MANY contracts include a clause which provides a trigger for the activation of that contract.A common example is the clause stating that an agreement for the sale of land or property is conditional upon the approval of bond financing.Another example would be a clause rendering a contract conditional upon the passing of a shareholders’ resolution on the part of one of the contracting parties. Such a clause is referred to as a condition precedent or a suspensive condition.
The effect of fulfilment of that condition precedent is that the whole contract becomes enforceable.This enforceability operates retrospectively as if the contract had been unconditional from the outset.Non-fulfilment of a condition precedent normally renders the contract void.
During the period after signature of the agreement and until the fulfilment of the suspensive condition, the rights (and concomitant obligations) of the parties are held in abeyance, but there is a binding agreement between them, which neither party may renounce, pending fulfilment of the condition.
The suspensive condition may apply to all of the rights and obligations of the parties or only to some of them.Those that are not suspended must be met, regardless.
Where the parties have not expressly fixed a time period for the fulfilment of a suspensive condition, it is implied that it must be fulfilled within a reasonable time.What is reasonable will depend on the circumstances of that particular case. If the condition is not met within a reasonable time the contract will be void, subject to the principles which are discussed below.

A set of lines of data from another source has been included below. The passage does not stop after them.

lemma bounded_op_plus:
  assumes A: "is_bounded_op A" and B: "is_bounded_op B"
  shows "is_bounded_op (op_plus A B)" "opnorm (op_plus A B) \<le> opnorm A + opnorm B"
proof -
  have bound: "op_plus A B f \<in> ell2 \<and> l2norm (op_plus A B f) \<le> (opnorm A + opnorm B) * l2norm f"
    if f: "f \<in> ell2" for f
    using l2norm_add[OF bounded_op_ell2[OF A f] bounded_op_ell2[OF B f]]
      opnorm_bound[OF A f] opnorm_bound[OF B f]
    unfolding op_plus_def by (simp add: distrib_right)
  show bdd: "is_bounded_op (op_plus A B)"
  proof (rule is_bounded_opI[OF _ _ bound])
    show "op_plus A B f = (\<lambda>_. 0)" if "f \<notin> ell2" for f
      using that unfolding op_plus_def by (simp add: bounded_op_outside[OF A] bounded_op_outside[OF B])
    show "op_plus A B (\<lambda>x. a * f x + b * g x) = (\<lambda>x. a * op_plus A B f x + b * op_plus A B g x)"
      if "f \<in> ell2" "g \<in> ell2" for f g a b
      unfolding op_plus_def bounded_op_linear[OF A that] bounded_op_linear[OF B that]
      by (simp add: algebra_simps)
  qed
  show "opnorm (op_plus A B) \<le> opnorm A + opnorm B"
    using bound opnorm_nonneg[OF A] opnorm_nonneg[OF B] by (intro opnorm_leI[OF bdd]) auto
qed

lemma bounded_op_op_scale:
  assumes A: "is_bounded_op A"
  shows "is_bounded_op (op_scale c A)" "opnorm (op_scale c A) \<le> cmod c * opnorm A"
proof -
  have bound: "op_scale c A f \<in> ell2 \<and> l2norm (op_scale c A f) \<le> (cmod c * opnorm A) * l2norm f"
    if f: "f \<in> ell2" for f
    using l2norm_scale[OF bounded_op_ell2[OF A f], of c] opnorm_bound[OF A f]
      mult_left_mono[of _ _ "cmod c"]
    unfolding op_scale_def by (simp add: mult.assoc)
  show bdd: "is_bounded_op (op_scale c A)"
  proof (rule is_bounded_opI[OF _ _ bound])
    show "op_scale c A f = (\<lambda>_. 0)" if "f \<notin> ell2" for f
      using that unfolding op_scale_def by (simp add: bounded_op_outside[OF A])
    show "op_scale c A (\<lambda>x. a * f x + b * g x) = (\<lambda>x. a * op_scale c A f x + b * op_scale c A g x)"
      if "f \<in> ell2" "g \<in> ell2" for f g a b
      unfolding op_scale_def bounded_op_linear[OF A that] by (simp add: algebra_simps)
  qed
  show "opnorm (op_scale c A) \<le> cmod c * opnorm A"
    using bound opnorm_nonneg[OF A] by (intro opnorm_leI[OF bdd]) auto
qed

lemma op_minus_eq_plus_scale: "op_minus A B = op_plus A (op_scale (-1) B)"
  unfolding op_minus_def op_plus_def op_scale_def by simp

lemma bounded_op_minus:
  assumes A: "is_bounded_op A" and B: "is_bounded_op B"
  shows "is_bounded_op (op_minus A B)" "opnorm (op_minus A B) \<le> opnorm A + opnorm B"
  using bounded_op_plus[OF A bounded_op_op_scale(1)[OF B, of "-1"]] bounded_op_op_scale(2)[OF B, of "-1"]
  unfolding op_minus_eq_plus_scale by auto

lemma bounded_op_comp:
  assumes A: "is_bounded_op A" and B: "is_bounded_op B"
  shows "is_bounded_op (A \<circ> B)" "opnorm (A \<circ> B) \<le> opnorm A * opnorm B"
proof -
  have bound: "(A \<circ> B) f \<in> ell2 \<and> l2norm ((A \<circ> B) f) \<le> (opnorm A * opnorm B) * l2norm f"
    if f: "f \<in> ell2" for f
    using opnorm_bound[OF A bounded_op_ell2[OF B f]] opnorm_bound[OF B f] opnorm_nonneg[OF A]
      mult_left_mono[of "l2norm (B f)" _ "opnorm A"] bounded_op_ell2[OF A bounded_op_ell2[OF B f]]
    by (simp add: mult.assoc) (meson order_trans)
  show bdd: "is_bounded_op (A \<circ> B)"
  proof (rule is_bounded_opI[OF _ _ bound])
    show "(A \<circ> B) f = (\<lambda>_. 0)" if "f \<notin> ell2" for f
      using that bounded_op_outside[OF B] bounded_op_zero[OF A] by simp
    show "(A \<circ> B) (\<lambda>x. a * f x + b * g x) = (\<lambda>x. a * (A \<circ> B) f x + b * (A \<circ> B) g x)"
      if "f \<in> ell2" "g \<in> ell2" for f g a b
      using bounded_op_linear[OF B that] bounded_op_linear[OF A bounded_op_ell2[OF B that(1)] bounded_op_ell2[OF B that(2)]]
      by simp
  qed
  show "opnorm (A \<circ> B) \<le> opnorm A * opnorm B"
    using bound opnorm_nonneg[OF A] opnorm_nonneg[OF B] by (intro opnorm_leI[OF bdd]) auto
qed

One can easily envisage a situation where a party to a contract, subject to a suspensive condition, might change his mind about being bound to the terms of that contract, and who might set about frustrating the fulfilment of the condition with the intention that it will not be met, thereby releasing him from his contractual promises.
To allow such manipulation would be unjust and for that reason our law prevents a party to a conditional contract from deliberately preventing the fulfilment of the condition precedent and then asserting that he is not bound by the contract because the condition has not been fulfilled. This principle is referred to as the doctrine of fictional fulfilment and is based on grounds of equity.
The doctrine of fictional fulfilment protects the innocent party in these circumstances, by requiring that the contract be enforced as though the condition precedent had been fulfilled. In order to initiate the fictional fulfilment, the innocent party will have to show that the other party deliberately prevented the fulfilment of the suspensive condition.
This principle of law is based on the understanding that a party to a conditional contract has a valid and justifiable hope that his contractual rights will become enforceable at some future date.The doctrine protects this legitimate expectation by applying the equitable rule that a party cannot take advantage of his own default to the loss or injury of another.
The doctrine of fictional fulfilment applies to a deliberate and intentional prevention of the fulfilment of a condition precedent, no matter how laudable the motive of such action or failure to act.The negligent failure to fulfil a condition is not sufficient to bring the doctrine into operation – there must be a direct intention to prevent the obligation from becoming enforceable.
The party accused of deliberately preventing the fulfilment of a condition will quite often be heard to say that it did not take the necessary steps towards fulfilment of the condition because any effort on their part would have failed, in any event, to bring about the fulfilment of the condition.Where that party is under a positive duty to try to have the condition fulfilled, the courts take the view that it is equitable to hold that party liable as though the condition had been fulfilled unless it can be shown that the steps to be taken would have been an utter waste of time and money. In other words the task of avoiding the application of the doctrine of fictional fulfilment in these circumstances is not easily accomplished.
There is also a series of cases which extends the application of the doctrine of fictional fulfilment beyond instances relating to the nonfulfilment of a suspensive condition. The same principles have been applied in cases involving the deliberate non-fulfilment of ordinary terms of the contract, that is, those which are not suspensive.For example, the court applied the doctrine in a case where a supplier sold equipment and was entitled to payment once the equipment had been installed and tested.The purchaser prevented the tests from taking place but this term of the contract was deemed by the court to have been performed, giving rise to liability for payment of the purchase price by the purchaser.
Another form of extension of the doctrine is to be found in the context of fulfilment of resolutive conditions. A resolutive condition is one which provides for the termination of the contract after an interim period of operation. It brings the contract to an end upon the happening of a specified event, for example.A fairly common resolutive condition in property deals is one that provides that the sale is to be regarded as void if the necessary planning permission is refused.
It has been held in cases relating to resolutive conditions that, where one party has deliberately caused the fulfilment of that condition thereby relieving him of an obligation which he bore up until the resolutive condition was fulfilled, he nevertheless continues to be bound, by application of a variant of the doctrine discussed above, and which might, rather clumsily, be referred to as the doctrine of fictional nonfulfilment. The parties are then required to act as though the resolutive condition had not been fulfilled.
Contracting parties are expected to keep their promises and the law will not countenance a situation where a party acting in bad faith obtains a benefit from his actions, contrary to what was intended when the deal was struck.